Our outings in the car were called “induction by personal inspection.” I can remember the smell of calf leather in the little sports car, remember the way Kaltenburg sat next to me holding the wheel firmly with both hands, concentrating on the road. On the spare seat there was always a pile of books and brochures; I reached back with my left hand, read to the professor from the lives of famous ornithologists, while he chauffeured us to their birthplaces and homes, to the sites of their activity. Thus Kaltenburg once took me on a whole-day excursion down the Elbe to Köthen, to see the Ziebigk estate, Naumann's place.

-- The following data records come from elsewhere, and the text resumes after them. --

lemma phi_fixpoint_eq: "phi t = (\<integral>s. (phi (kappa s * t)) ^ m \<partial>T_law m)"
proof -
  let ?Q = "T_law m \<Otimes>\<^sub>M PiM {1..m} (\<lambda>_. law_Z)"
  define G where "G = (\<lambda>(s::real, zs::nat \<Rightarrow> complex). exp (- lam * of_real s) * (\<Sum>j\<in>{1..m}. zs j))"
  interpret Q: prob_space ?Q
    by (intro prob_space_pair prob_space_T_law prob_space_PiM prob_space_distr) simp
  interpret pair_sigma_finite "T_law m" "PiM {1..m} (\<lambda>_. law_Z)"
    by (intro pair_sigma_finite.intro prob_space_imp_sigma_finite prob_space_T_law prob_space_PiM
        prob_space_distr) simp
  have G_measurable [measurable]: "G \<in> borel_measurable ?Q"
    unfolding G_def by measurable
  have "phi t = (\<integral>z. iexp (cinner t z) \<partial>fixpoint_rhs_law m lam law_Z)"
    by (simp add: phi_eq_integral_law_Z flip: fixpoint)
  also have "\<dots> = (\<integral>p. iexp (cinner t (G p)) \<partial>?Q)"
    unfolding fixpoint_rhs_law_def G_def[symmetric] by (rule integral_distr[OF G_measurable]) simp
  also have "\<dots> = (\<integral>s. (\<integral>zs. iexp (cinner t (G (s, zs))) \<partial>PiM {1..m} (\<lambda>_. law_Z)) \<partial>T_law m)"
    by (intro integral_fst'[symmetric] Q.integrable_const_bound[of _ 1])
      (simp add: norm_exp_i_times, measurable)
  also have "\<dots> = (\<integral>s. (phi (kappa s * t)) ^ m \<partial>T_law m)"
    by (simp only: G_def case_prod_conv integral_PiM_iexp_cinner_sum)
  finally show ?thesis .
qed

lemma norm_phi_power_sub_1_le: "cmod ((phi t) ^ m - 1) \<le> real m * (abs_mean * cmod t)"
proof -
  have "cmod ((phi t) ^ m - 1 ^ m) \<le> real m * cmod (phi t - 1)"
    by (rule norm_power_diff) (auto simp: norm_phi_le_1)
  also have "\<dots> \<le> real m * (abs_mean * cmod t)"
    by (intro mult_left_mono norm_phi_sub_1_le) simp
  finally show ?thesis by simp
qed
(* Consider the two-type Bellman–Harris process described in the context. Let $H(t),k_1(t),k_2(t)$ be nonnegative functions on $[0,\infty)$ with $\lim_{t\to\infty}k_i(t)=0$ ($i=1,2$) and $\lim_{t\to\infty}H(t)=\infty$. (a) If there exist functions $k_i(t,\lambda_i)$, $i=1,2$, with $k_i(t,\lambda_i)\sim\lambda_ik_i(t)$ as $t\to\infty$ for every fixed $\lambda_i>0$, and $$\lim_{t\to\infty}H(t)\mathbf{Q}(t;1-k_1(t,\lambda_1),1-k_2(t,\lambda_2))=\mathbf{h}(\lambda_1,\lambda_2),\quad\lambda_1,\lambda_2>0,$$ for a function $\mathbf{h}=(h_1,h_2)$ with components continuous in both arguments, then $$\lim_{t\to\infty}H(t)\mathbf{Q}(t;e^{-\lambda_1k_1(t)},e^{-\lambda_2k_2(t)})=\mathbf{h}(\lambda_1,\lambda_2),\quad\lambda_1,\lambda_2>0.$$ (b) If $\lim_{t\to\infty}H(t)\mathbf{Q}(t;1,1-k_2(t,\lambda_2))=\mathbf{h}(\lambda_2)$ for $\lambda_2>0$, for a function $\mathbf{h}(\lambda_2)=(h_1(\lambda_2),h_2(\lambda_2))$ with continuous components (and $k_2(t,\lambda_2)\sim\lambda_2k_2(t)$ for each fixed $\lambda_2>0$), then $\lim_{t\to\infty}H(t)\mathbf{Q}(t;1,e^{-\lambda_2k_2(t)})=\mathbf{h}(\lambda_2)$ for $\lambda_2>0$.
   Context: Two-type Bellman–Harris branching process $\mathbf{Z}(t)=(Z_1(t),Z_2(t))$ (particles of type $i\in\{1,2\}$ have life-length distribution $G_i$ and offspring generating function $f_i(s_1,s_2)$, and evolve independently). For $\mathbf{s}=(s_1,s_2)\in[0,1]^2$, $F_i(t;\mathbf{s})=\mathbf{E}[s_1^{Z_1(t)}s_2^{Z_2(t)}\mid\text{one initial particle of type }i]$ and $\mathbf{Q}(t;\mathbf{s})=(1-F_1(t;\mathbf{s}),1-F_2(t;\mathbf{s}))^\dagger$. *)

theory Defs
  imports "HOL-Probability.Probability" "HOL-Library.Landau_Symbols"
begin

definition pgf2 :: "(nat \<times> nat) pmf \<Rightarrow> real \<Rightarrow> real \<Rightarrow> real" where
  "pgf2 p s1 s2 = measure_pmf.expectation p (\<lambda>(a, b). s1 ^ a * s2 ^ b)"

text \<open>Z i t is the law of (Z1(t), Z2(t)) started from one
  particle of type i (i = 1, 2); G i is the life-length distribution of type i (a probability
  measure on [0,\<infinity>)); xi i is the offspring law of type i, with generating function
  f_i = pgf2 (xi i).  The process is characterised by the Bellman--Harris integral equation
  F_i(t;s) = s_i (1 - G_i(t)) + \<integral>_0^t f_i(F(t-u;s)) dG_i(u).\<close>
definition bellman_harris ::
  "(nat \<Rightarrow> real measure) \<Rightarrow> (nat \<Rightarrow> (nat \<times> nat) pmf) \<Rightarrow> (nat \<Rightarrow> real \<Rightarrow> (nat \<times> nat) pmf) \<Rightarrow> bool" where
  "bellman_harris G xi Z \<longleftrightarrow>
     (\<forall>i\<in>{1,2}. prob_space (G i) \<and> sets (G i) = sets borel \<and> measure (G i) {..<0} = 0 \<and>
       (\<forall>t\<ge>0. \<forall>s1\<in>{0..1}. \<forall>s2\<in>{0..1}.
          set_integrable (G i) {0..t}
            (\<lambda>u. pgf2 (xi i) (pgf2 (Z 1 (t - u)) s1 s2) (pgf2 (Z 2 (t - u)) s1 s2)) \<and>
          pgf2 (Z i t) s1 s2 =
            (if i = 1 then s1 else s2) * measure (G i) {t<..} +
            (LINT u:{0..t}|G i. pgf2 (xi i) (pgf2 (Z 1 (t - u)) s1 s2) (pgf2 (Z 2 (t - u)) s1 s2))))"

definition Qv :: "(nat \<Rightarrow> real \<Rightarrow> (nat \<times> nat) pmf) \<Rightarrow> real \<Rightarrow> real \<Rightarrow> real \<Rightarrow> real \<times> real" where
  "Qv Z t s1 s2 = (1 - pgf2 (Z 1 t) s1 s2, 1 - pgf2 (Z 2 t) s1 s2)"

end

theory Submission
  imports Defs
begin

(* Only the monotonicity of s |-> F_i(t; s) on the unit square is used.  Since kk(mu, t) ~ mu k(t), k(t) -> 0 and
   1 - exp(-x) = x + O(x^2), for every 0 < d <= 1/2 and large t
     1 - kk(lam (1 + d), t) <= exp(-lam k(t)) <= 1 - kk(lam (1 - d), t).
   As H(t) Q(t; s) is antitone in s, H(t) Q(t; exp(-lam1 k1(t)), exp(-lam2 k2(t))) is eventually
   squeezed between H(t) Q at the perturbed parameters lam_i (1 -+ d_i), whose limits
   h(lam1 (1 -+ d1), lam2 (1 -+ d2)) are close to h(lam1, lam2) by separate continuity:
   first choose d1, then d2. *)

lemma integrable_pgf2_term:
  fixes s1 s2 :: real
  assumes "0 \<le> s1" "s1 \<le> 1" "0 \<le> s2" "s2 \<le> 1"
  shows "integrable (measure_pmf p) (\<lambda>(a, b). s1 ^ a * s2 ^ b)"
  by (rule measure_pmf.integrable_const_bound[where B=1])
    (use assms in \<open>auto intro!: AE_I2 mult_le_one power_le_one split: prod.split simp: abs_mult\<close>)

We drove to Renthendorf to see the Brehms' house. To Waldheim, where Maikammer was born. To Reichenbach in the Vogtland. To Waldenburg. I can hardly recall anything about the town of Greiz, but on the other hand I have the clearest memory of a portrait of the
pâtissier
Carl Ferdinand Oberländer, who became addicted to collecting native and exotic birds. His expression seems to betray grief and melancholy, the furrowed brow, around the eyes, the mouth: it won't be long before his passion drives him to ruin, he will have to sell his wonderful collection of mounts.

Once, in the most glorious weather, we roamed for a whole day through the landscape of Moritzburg with its many pools, we could have made countless sightings, but Kaltenburg was intent on one thing only, finding a particular pond where, as he said, Hans Steingruber had begun his career. He had been cycling past this spot on a day in March 1923 and had seen two coral-red beaks glowing on the water. Kaltenburg stomped through the reeds on the bank: “At that time he was your age,” and red-crested pochards had not been spotted for more than seventy years. Nobody was willing to believe Steingruber, even Reinhold in Berlin was skeptical when the young man came to see him. No,
Netta rufina
in Moritzburg, that must have been a faulty sighting, he was certain of it, Reinhold, the greatest ornithologist of our time.

In retrospect the outings could be seen simply as preparation for meeting live people. The “induction by personal inspection” continued in Loschwitz, costing the professor no effort at all, since authorities from all over the world found their way to him unbidden.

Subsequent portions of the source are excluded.